===== DATA IN THIS EXERCISE =====

(* Let $\{\omega_n:n\in\mathbb{N}_0\}$ and $\{\tilde\omega_n:n\in\mathbb{N}_0\}$ be the wavelet packets (defined in the context) associated with a pair of biorthogonal scaling functions $\omega_0=\varphi$ and $\tilde\omega_0=\tilde\varphi$ and associated biorthogonal wavelets. Then $$\langle\omega_n(\cdot),\tilde\omega_n(\cdot-u(k))\rangle=\delta_{0,k}\quad\text{for all }k\in\mathbb{N}_0,\ n\in\mathbb{N}_0.$$
   Context: $K$ is a local field of positive characteristic $p$ with ring of integers $\mathfrak{D}=\{|x|\le1\}$, prime ideal $\mathfrak{B}=\mathfrak{p}\mathfrak{D}$ ($\mathfrak{p}$ a prime element), $q=|\mathfrak{D}/\mathfrak{B}|=p^c$, Haar measure normalized with $\mathfrak{D}$ of measure $1$. Choose $\zeta_0=1,\zeta_1,\dots,\zeta_{c-1}\in\mathfrak{D}$ with $|\zeta_j|=1$ whose images form a basis of $\mathfrak{D}/\mathfrak{B}\cong GF(q)$ over $GF(p)$; for $0\le n<q$, $n=a_0+a_1p+\dots+a_{c-1}p^{c-1}$ ($0\le a_k<p$), put $u(n)=(a_0+a_1\zeta_1+\dots+a_{c-1}\zeta_{c-1})\mathfrak{p}^{-1}$, and for $n=b_0+b_1q+\dots+b_sq^s$ ($0\le b_k<q$), $u(n)=u(b_0)+u(b_1)\mathfrak{p}^{-1}+\dots+u(b_s)\mathfrak{p}^{-s}$. $\chi$ is a character of $(K,+)$ trivial on $\mathfrak{D}$, non-trivial on $\mathfrak{B}^{-1}$, $\chi_k(x)=\chi(u(k)x)$; $\hat f(\xi)=\int_Kf(x)\overline{\chi(\xi x)}dx$. Let $\varphi,\tilde\varphi\in L^2(K)$ and $\psi_\ell,\tilde\psi_\ell\in L^2(K)$ ($1\le\ell\le q-1$) satisfy $\varphi(x)=\sqrt q\sum_{k\in\mathbb{N}_0}a_k^0\varphi(\mathfrak{p}^{-1}x-u(k))$, $\psi_\ell(x)=\sqrt q\sum_ka_k^\ell\varphi(\mathfrak{p}^{-1}x-u(k))$, and the same with tildes (coefficients $\tilde a_k^s$), all coefficient sequences in $\ell^2(\mathbb{N}_0)$; masks $m_s(\xi)=\frac1{\sqrt q}\sum_ka_k^s\overline{\chi_k(\xi)}$, $\tilde m_s$ analogously ($0\le s\le q-1$). $\varphi$ is the scaling function of a multiresolution analysis of $L^2(K)$ and $\{\psi_\ell(\cdot-u(k))\}$ is a Riesz basis of a direct complement $W_0$ of $V_0$ in $V_1$. Biorthogonality: for all $k\in\mathbb{N}_0$, $1\le\ell,\ell'\le q-1$: $\langle\varphi,\tilde\varphi(\cdot-u(k))\rangle=\delta_{0,k}$, $\langle\varphi,\tilde\psi_\ell(\cdot-u(k))\rangle=0$, $\langle\tilde\varphi,\psi_\ell(\cdot-u(k))\rangle=0$, $\langle\psi_\ell,\tilde\psi_{\ell'}(\cdot-u(k))\rangle=\delta_{\ell,\ell'}\delta_{0,k}$. Wavelet packets: $\omega_0=\varphi$, $\tilde\omega_0=\tilde\varphi$, and for $n=qr+s$ with $r\in\mathbb{N}_0$, $0\le s\le q-1$: $\omega_n(x)=\sqrt q\sum_{k\in\mathbb{N}_0}a_k^s\omega_r(\mathfrak{p}^{-1}x-u(k))$, $\tilde\omega_n(x)=\sqrt q\sum_k\tilde a_k^s\tilde\omega_r(\mathfrak{p}^{-1}x-u(k))$ (so $\omega_s=\psi_s$, $\tilde\omega_s=\tilde\psi_s$ for $1\le s\le q-1$). *)

theory Defs
  imports "HOL-Analysis.Analysis"
begin

text \<open>The field K is an abstract type 'k carrying a field structure and a topology.
  absv is the normalized absolute value, pr a prime element, q = p^c the cardinality
  of the residue field D/B, zeta the chosen lifts of a GF(p)-basis of D/B.\<close>

definition local_field_char_p ::
  "('k::{field,topological_space} \<Rightarrow> real) \<Rightarrow> nat \<Rightarrow> nat \<Rightarrow> 'k \<Rightarrow> bool" where
  "local_field_char_p absv p c pr \<longleftrightarrow>
     prime p \<and> CHAR('k) = p \<and> 0 < c \<and>
     (\<forall>x. absv x = 0 \<longleftrightarrow> x = 0) \<and>
     (\<forall>x. 0 \<le> absv x) \<and>
     (\<forall>x y. absv (x * y) = absv x * absv y) \<and>
     (\<forall>x y. absv (x + y) \<le> max (absv x) (absv y)) \<and>
     (\<forall>S. open S \<longleftrightarrow> (\<forall>x\<in>S. \<exists>e>0. \<forall>y. absv (y - x) < e \<longrightarrow> y \<in> S)) \<and>
     compact {x. absv x \<le> 1} \<and>
     absv pr = 1 / real (p ^ c) \<and>
     (\<forall>x. absv x < 1 \<longrightarrow> absv x \<le> absv pr)"

text \<open>Linear combination with GF(p)-coefficients (given as digits 0..p-1).\<close>
definition zeta_comb :: "nat \<Rightarrow> (nat \<Rightarrow> 'k::field) \<Rightarrow> (nat \<Rightarrow> nat) \<Rightarrow> 'k" where
  "zeta_comb c zeta a = (\<Sum>j<c. of_nat (a j) * zeta j)"

text \<open>zeta_0 = 1, |zeta_j| = 1, and the images of zeta_0..zeta_{c-1} form a basis of
  D/B over GF(p): every residue class of D modulo B has exactly one representative
  of the form sum a_j zeta_j with 0 \<le> a_j < p.\<close>
definition residue_basis ::
  "('k::field \<Rightarrow> real) \<Rightarrow> nat \<Rightarrow> nat \<Rightarrow> (nat \<Rightarrow> 'k) \<Rightarrow> bool" where
  "residue_basis absv p c zeta \<longleftrightarrow>
     zeta 0 = 1 \<and> (\<forall>j<c. absv (zeta j) = 1) \<and>
     (\<forall>a b. (\<forall>j<c. a j < p) \<longrightarrow> (\<forall>j<c. b j < p) \<longrightarrow>
        absv (zeta_comb c zeta a - zeta_comb c zeta b) < 1 \<longrightarrow> (\<forall>j<c. a j = b j)) \<and>
     (\<forall>x. absv x \<le> 1 \<longrightarrow> (\<exists>a. (\<forall>j<c. a j < p) \<and> absv (x - zeta_comb c zeta a) < 1))"
lemma card_Lam_Inr_support: "card {j\<in>E. Lam (Inr g) j \<noteq> 0} \<le> 2"
proof -
  let ?B = "{j\<in>E. has_above j \<and> next_above j = g}"
  have "{j\<in>E. Lam (Inr g) j \<noteq> 0} \<subseteq> insert g ?B"
    by (auto simp: Lam_def split: if_splits)
  then have "card {j\<in>E. Lam (Inr g) j \<noteq> 0} \<le> card (insert g ?B)"
    using finite_E by (intro card_mono) auto
  also have "\<dots> \<le> Suc (card ?B)"
    using finite_E by (simp add: card_insert_if)
  also have "card ?B \<le> 1"
    using finite_E next_above_unique unfolding One_nat_def by (subst card_le_Suc0_iff_eq) auto
  finally show ?thesis by simp
qed

text \<open>Lists of sizes 2 and 3 exceed the row supports, of sizes 1 and 2, of \<open>Lam\<close>.\<close>
lemma exists_nonvanishing_point:
  assumes "\<And>v. v \<in> V \<Longrightarrow> finite (L (Inl v)) \<and> 2 \<le> card (L (Inl v))"
    and "\<And>e. e \<in> E \<Longrightarrow> finite (L (Inr e)) \<and> 3 \<le> card (L (Inr e))"
  shows "\<exists>x\<in>PiE vars L. (\<Prod>f\<in>E. \<Sum>z\<in>vars. form f z * x z) \<noteq> 0"
proof (rule ccontr)
  assume "\<not> ?thesis"
  moreover have "finite (L z) \<and> card {j\<in>E. Lam z j \<noteq> 0} < card (L z)" if "z \<in> vars" for z
  proof -
    from that consider v where "v \<in> V" "z = Inl v" | e where "e \<in> E" "z = Inr e"
      unfolding vars_def by blast
    then show ?thesis
    proof cases
      case (1 v)
      with assms(1)[of v] card_Lam_Inl_support[of v] show ?thesis by simp
    next
      case (2 e)
      with assms(2)[of e] card_Lam_Inr_support[of e] show ?thesis by simp
    qed
  qed
  ultimately have "permanent E (\<lambda>f j. \<Sum>z\<in>vars. form f z * Lam z j) = 0"
    using permanent_eq_0_if_vanishes_on_grid[OF finite_E finite_vars] by blast
  with permanent_form_Lam_ge_1 show False by simp
qed

end

lemma finite_graph_weighting:
  assumes graph: "simple_graph V E" and "finite V"
    and Lv: "\<And>v. v \<in> V \<Longrightarrow> 2 \<le> card (Lv v)"
    and Le: "\<And>e. e \<in> E \<Longrightarrow> 3 \<le> card (Le e)"
  shows "\<exists>wv we. (\<forall>v\<in>V. wv v \<in> Lv v) \<and> (\<forall>e\<in>E. we e \<in> Le e) \<and>
    (\<forall>u v. {u, v} \<in> E \<longrightarrow> wdeg_fin E wv we u \<noteq> wdeg_fin E wv we v)"
proof -
  have "E \<subseteq> Pow V" using graph by (auto elim: simple_graph_edgeE)
  with \<open>finite V\<close> have "finite E" by (meson finite_Pow_iff finite_subset)
  obtain ord :: "'a \<Rightarrow> nat" and n where "ord ` V = {i. i < n}" "inj_on ord V"
    using finite_imp_inj_to_nat_seg[OF \<open>finite V\<close>] by blast
  with \<open>finite V\<close> \<open>finite E\<close> graph interpret G: ordered_graph V E ord
    by unfold_locales auto
  let ?L = "case_sum (\<lambda>v. real ` Lv v) (\<lambda>e. real ` Le e)"
  have "finite (Lv v)" if "v \<in> V" for v using Lv[OF that] card.infinite by fastforce
  moreover have "finite (Le e)" if "e \<in> E" for e using Le[OF that] card.infinite by fastforce
  ultimately obtain x where x: "x \<in> PiE G.vars ?L"
    and nz: "(\<Prod>f\<in>E. \<Sum>z\<in>G.vars. G.form f z * x z) \<noteq> 0"
    using G.exists_nonvanishing_point[of ?L] Lv Le by (auto simp: card_image)
  define wv where "wv v = nat \<lfloor>x (Inl v)\<rfloor>" for v
  define we where "we e = nat \<lfloor>x (Inr e)\<rfloor>" for e
  have wv: "x (Inl v) = real (wv v) \<and> wv v \<in> Lv v" if "v \<in> V" for v
    using PiE_mem[OF x, of "Inl v"] that by (auto simp: wv_def G.vars_def)
  have we: "x (Inr e) = real (we e) \<and> we e \<in> Le e" if "e \<in> E" for e
    using PiE_mem[OF x, of "Inr e"] that by (auto simp: we_def G.vars_def)
  have "wdeg_fin E wv we u \<noteq> wdeg_fin E wv we v" if "{u, v} \<in> E" for u v
  proof -
    from nz that have "(\<Sum>z\<in>G.vars. G.form {u, v} z * x z) \<noteq> 0"
      using \<open>finite E\<close> by (auto simp: prod_zero_iff)
    with G.sum_form_eq_wdeg_fin[OF that] wv we
    have "wdeg_fin E wv we (G.hi {u, v}) \<noteq> wdeg_fin E wv we (G.lo {u, v})"
      by simp
    moreover have "{u, v} = {G.lo {u, v}, G.hi {u, v}}" using G.edge_lo_hi[OF that] by blast
    ultimately show ?thesis by (auto simp: doubleton_eq_iff)
  qed
  with wv we show ?thesis by blast
qed

section \<open>Compactness\<close>

text \<open>Such a set is a finite union of closed cylinders.\<close>
lemma closedin_finitely_determined:
  assumes finD: "\<And>z. z \<in> I \<Longrightarrow> finite (D z)" and J: "finite J" "J \<subseteq> I"
    and local: "\<And>x y. (\<And>z. z \<in> J \<Longrightarrow> x z = y z) \<Longrightarrow> Q x = Q y"
  shows "closedin (product_topology (\<lambda>z. discrete_topology (D z)) I) {x \<in> PiE I D. Q x}"
proof -
  define X where "X = product_topology (\<lambda>z. discrete_topology (D z)) I"
  have top: "topspace X = PiE I D" by (simp add: X_def)
  have cylinder: "closedin X {x \<in> topspace X. x z = b}" if "z \<in> I" for z b
  proof -
    have "closedin X {x \<in> topspace X. x z \<in> {b} \<inter> D z}"
      by (rule closedin_continuous_map_preimage[where Y = "discrete_topology (D z)"])
         (auto simp: X_def intro: continuous_map_product_projection that)
    moreover have "{x \<in> topspace X. x z \<in> {b} \<inter> D z} = {x \<in> topspace X. x z = b}"
      using that top by auto
    ultimately show ?thesis by simp
  qed
  define A where "A = (\<lambda>x. restrict x J) ` {x \<in> PiE I D. Q x}"
  define Cyl where "Cyl a = \<Inter> (insert (topspace X) ((\<lambda>z. {x \<in> topspace X. x z = a z}) ` J))" for a
  have "A \<subseteq> PiE J D" using J(2) by (auto simp: A_def)
  moreover have "finite (PiE J D)" using J finD by (intro finite_PiE) auto
  ultimately have "finite A" by (rule finite_subset)
  moreover have "closedin X (Cyl a)" for a
    unfolding Cyl_def using cylinder J by (intro closedin_Inter) auto
  moreover have "{x \<in> PiE I D. Q x} = (\<Union>a\<in>A. Cyl a)"
  proof (intro set_eqI iffI)
    fix x assume "x \<in> {x \<in> PiE I D. Q x}"
    then show "x \<in> (\<Union>a\<in>A. Cyl a)"
      unfolding A_def Cyl_def top by (intro UN_I[of "restrict x J"]) auto
  next
    fix x assume "x \<in> (\<Union>a\<in>A. Cyl a)"
    then obtain y where "y \<in> PiE I D" "Q y" "x \<in> Cyl (restrict y J)" unfolding A_def by blast
    then show "x \<in> {x \<in> PiE I D. Q x}"
      using local[of x y] unfolding Cyl_def top by auto
  qed
  ultimately show ?thesis unfolding X_def[symmetric] by (auto intro: closedin_Union)
qed

text \<open>Compactness of the Tychonoff product of the finite discrete spaces \<open>D z\<close>.\<close>
lemma finitely_satisfiable_imp_satisfiable:
  assumes finD: "\<And>z. z \<in> I \<Longrightarrow> finite (D z)"
    and J: "\<And>c. c \<in> C \<Longrightarrow> finite (J c) \<and> J c \<subseteq> I"
    and local: "\<And>c x y. c \<in> C \<Longrightarrow> (\<And>z. z \<in> J c \<Longrightarrow> x z = y z) \<Longrightarrow> P c x = P c y"
    and sat: "\<And>F. finite F \<Longrightarrow> F \<subseteq> C \<Longrightarrow> \<exists>x\<in>PiE I D. \<forall>c\<in>F. P c x"
  shows "\<exists>x\<in>PiE I D. \<forall>c\<in>C. P c x"
proof -
  define X where "X = product_topology (\<lambda>z. discrete_topology (D z)) I"
  define K where "K c = {x \<in> topspace X. P c x}" for c
  have top: "topspace X = PiE I D" by (simp add: X_def)
  have compact: "compact_space X"
    unfolding X_def compact_space_product_topology using finD
    by (simp add: compact_space_discrete_topology)
  have closed: "closedin X (K c)" if c: "c \<in> C" for c
    unfolding K_def top unfolding X_def
    by (rule closedin_finitely_determined[OF finD J[OF c, THEN conjunct1] J[OF c, THEN conjunct2]
          local[OF c]])
  let ?U = "insert (topspace X) (K ` C)"
  have "\<Inter> ?U \<noteq> {}"
  proof (rule compact_space_fip[THEN iffD1, OF compact, rule_format], intro conjI allI impI ballI)
    fix S assume "S \<in> ?U"
    then show "closedin X S" using closed by auto
  next
    fix F assume F: "finite F \<and> F \<subseteq> ?U"
    have fin: "finite (F - {topspace X})" using F by simp
    have sub: "F - {topspace X} \<subseteq> K ` C" using F by blast
    obtain F' where F': "F' \<subseteq> C" "finite F'" "F - {topspace X} = K ` F'"
      using finite_subset_image[OF fin sub] by blast
    obtain x where x: "x \<in> PiE I D" "\<forall>c\<in>F'. P c x" using sat[OF F'(2,1)] by blast
    have "x \<in> S" if S: "S \<in> F" for S
    proof (cases "S = topspace X")
      case True
      with x top show ?thesis by simp
    next
      case False
      with S F'(3) obtain c where "c \<in> F'" "S = K c" by blast
      with x top show ?thesis unfolding K_def by simp
    qed
    then show "\<Inter> F \<noteq> {}" by blast
  qed
  then obtain x where "x \<in> topspace X" "\<And>c. c \<in> C \<Longrightarrow> x \<in> K c" by blast
  with top show ?thesis unfolding K_def by blast
qed

section \<open>Infinite graphs\<close>

lemma wdeg_fin_cong:
  assumes "nbhd E u = nbhd E' u" "wv u = wv' u" "\<And>w. w \<in> nbhd E u \<Longrightarrow> we {u, w} = we' {u, w}"
  shows "wdeg_fin E wv we u = wdeg_fin E' wv' we' u"
  using assms unfolding wdeg_fin_def by (metis (no_types, lifting) sum.cong)

lemma wdeg_differ_if_finite:
  assumes "finite (nbhd E u) \<Longrightarrow> finite (nbhd E v) \<Longrightarrow> wdeg_fin E wv we u \<noteq> wdeg_fin E wv we v"
  shows "wdeg_differ E wv we u v \<or> same_infinite_degree E u v"
  using assms by (auto simp: wdeg_differ_def same_infinite_degree_def)

lemma incident_subgraph:
  assumes graph: "simple_graph V E" and S: "finite S" "\<And>s. s \<in> S \<Longrightarrow> finite (nbhd E s)"
  defines "E0 \<equiv> {e\<in>E. \<exists>s\<in>S. s \<in> e}"
  shows "simple_graph (\<Union> E0) E0" "finite (\<Union> E0)" "\<Union> E0 \<subseteq> V"
proof -
  show "simple_graph (\<Union> E0) E0"
    unfolding simple_graph_def
  proof
    fix e assume e: "e \<in> E0"
    then have "e \<in> E" by (simp add: E0_def)
    then obtain u v where uv: "u \<noteq> v" "e = {u, v}" using simple_graph_edgeE[OF graph] by metis
    with e show "\<exists>u v. u \<in> \<Union> E0 \<and> v \<in> \<Union> E0 \<and> u \<noteq> v \<and> e = {u, v}" by blast
  qed
  have "E0 = (\<Union>s\<in>S. {e\<in>E. s \<in> e})" by (auto simp: E0_def)
  then have "finite E0"
    using S by (auto intro!: finite_UN_I finite_incident_edges[OF graph])
  moreover have "finite e" if "e \<in> E0" for e
    using that graph by (auto simp: E0_def elim: simple_graph_edgeE)
  ultimately show "finite (\<Union> E0)" by simp
  show "\<Union> E0 \<subseteq> V"
    using graph by (auto simp: E0_def elim: simple_graph_edgeE)
qed

text \<open>The finite subgraph of all edges at vertices of \<open>S\<close> contains every edge that enters the
  weighted degrees of these vertices; outside it, the weights are arbitrary list elements.\<close>
lemma finite_vertex_set_weighting:
  assumes graph: "simple_graph V E"
    and Lv: "\<And>v. v \<in> V \<Longrightarrow> 2 \<le> card (Lv v)" and Le: "\<And>e. e \<in> E \<Longrightarrow> 3 \<le> card (Le e)"
    and S: "finite S" "\<And>s. s \<in> S \<Longrightarrow> finite (nbhd E s)"
  shows "\<exists>wv we. (\<forall>v\<in>V. wv v \<in> Lv v) \<and> (\<forall>e\<in>E. we e \<in> Le e) \<and>
    (\<forall>u\<in>S. \<forall>v\<in>S. {u, v} \<in> E \<longrightarrow> wdeg_fin E wv we u \<noteq> wdeg_fin E wv we v)"
proof -
  define E0 where "E0 = {e\<in>E. \<exists>s\<in>S. s \<in> e}"
  define V0 where "V0 = \<Union> E0"
  have sub: "simple_graph V0 E0" "finite V0" "V0 \<subseteq> V"
    using incident_subgraph[OF graph S] by (simp_all add: V0_def E0_def)
  have "\<And>v. v \<in> V0 \<Longrightarrow> 2 \<le> card (Lv v)" "\<And>e. e \<in> E0 \<Longrightarrow> 3 \<le> card (Le e)"
    using Lv Le sub(3) by (auto simp: E0_def)
  then obtain wv0 we0 where w0: "\<forall>v\<in>V0. wv0 v \<in> Lv v" "\<forall>e\<in>E0. we0 e \<in> Le e"
      "\<And>u v. {u, v} \<in> E0 \<Longrightarrow> wdeg_fin E0 wv0 we0 u \<noteq> wdeg_fin E0 wv0 we0 v"
    using finite_graph_weighting[OF sub(1,2)] by blast
  have "\<forall>v\<in>V. \<exists>a. a \<in> Lv v" "\<forall>e\<in>E. \<exists>a. a \<in> Le e"
    using Lv Le by (metis card.empty ex_in_conv not_numeral_le_zero)+
  then obtain dv de where d: "\<forall>v\<in>V. dv v \<in> Lv v" "\<forall>e\<in>E. de e \<in> Le e" by metis
  define wv where "wv v = (if v \<in> V0 then wv0 v else dv v)" for v
  define we where "we e = (if e \<in> E0 then we0 e else de e)" for e
  have "wdeg_fin E wv we s = wdeg_fin E0 wv0 we0 s" if "s \<in> S" "s \<in> V0" for s
  proof (rule wdeg_fin_cong)
    show "nbhd E s = nbhd E0 s" using that by (auto simp: nbhd_def E0_def)
    show "wv s = wv0 s" using that by (simp add: wv_def)
    show "we {s, w} = we0 {s, w}" if "w \<in> nbhd E s" for w
      using that \<open>s \<in> S\<close> by (auto simp: we_def nbhd_def E0_def)
  qed
  moreover have "{u, v} \<in> E0" "u \<in> V0" "v \<in> V0" if "u \<in> S" "{u, v} \<in> E" for u v
    using that by (auto simp: E0_def V0_def)
  ultimately have "\<forall>u\<in>S. \<forall>v\<in>S. {u, v} \<in> E \<longrightarrow> wdeg_fin E wv we u \<noteq> wdeg_fin E wv we v"
    using w0(3) by (metis insert_commute)
  moreover have "\<forall>v\<in>V. wv v \<in> Lv v" "\<forall>e\<in>E. we e \<in> Le e"
    using w0 d by (auto simp: wv_def we_def)
  ultimately show ?thesis by blast
qed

=====

● **ASSIGNMENT**
Only one part of the material above is to be transcribed, namely the lines starting with the line that has "using \<open>finite E\<close>" and going on through the line that has "section \<open>Compactness\<close>", exactly as they stand.

● **WRITTEN RESPONSE**
      using \<open>finite E\<close> by (auto simp: prod_zero_iff)
    with G.sum_form_eq_wdeg_fin[OF that] wv we
    have "wdeg_fin E wv we (G.hi {u, v}) \<noteq> wdeg_fin E wv we (G.lo {u, v})"
      by simp
    moreover have "{u, v} = {G.lo {u, v}, G.hi {u, v}}" using G.edge_lo_hi[OF that] by blast
    ultimately show ?thesis by (auto simp: doubleton_eq_iff)
  qed
  with wv we show ?thesis by blast
qed

section \<open>Compactness\<close>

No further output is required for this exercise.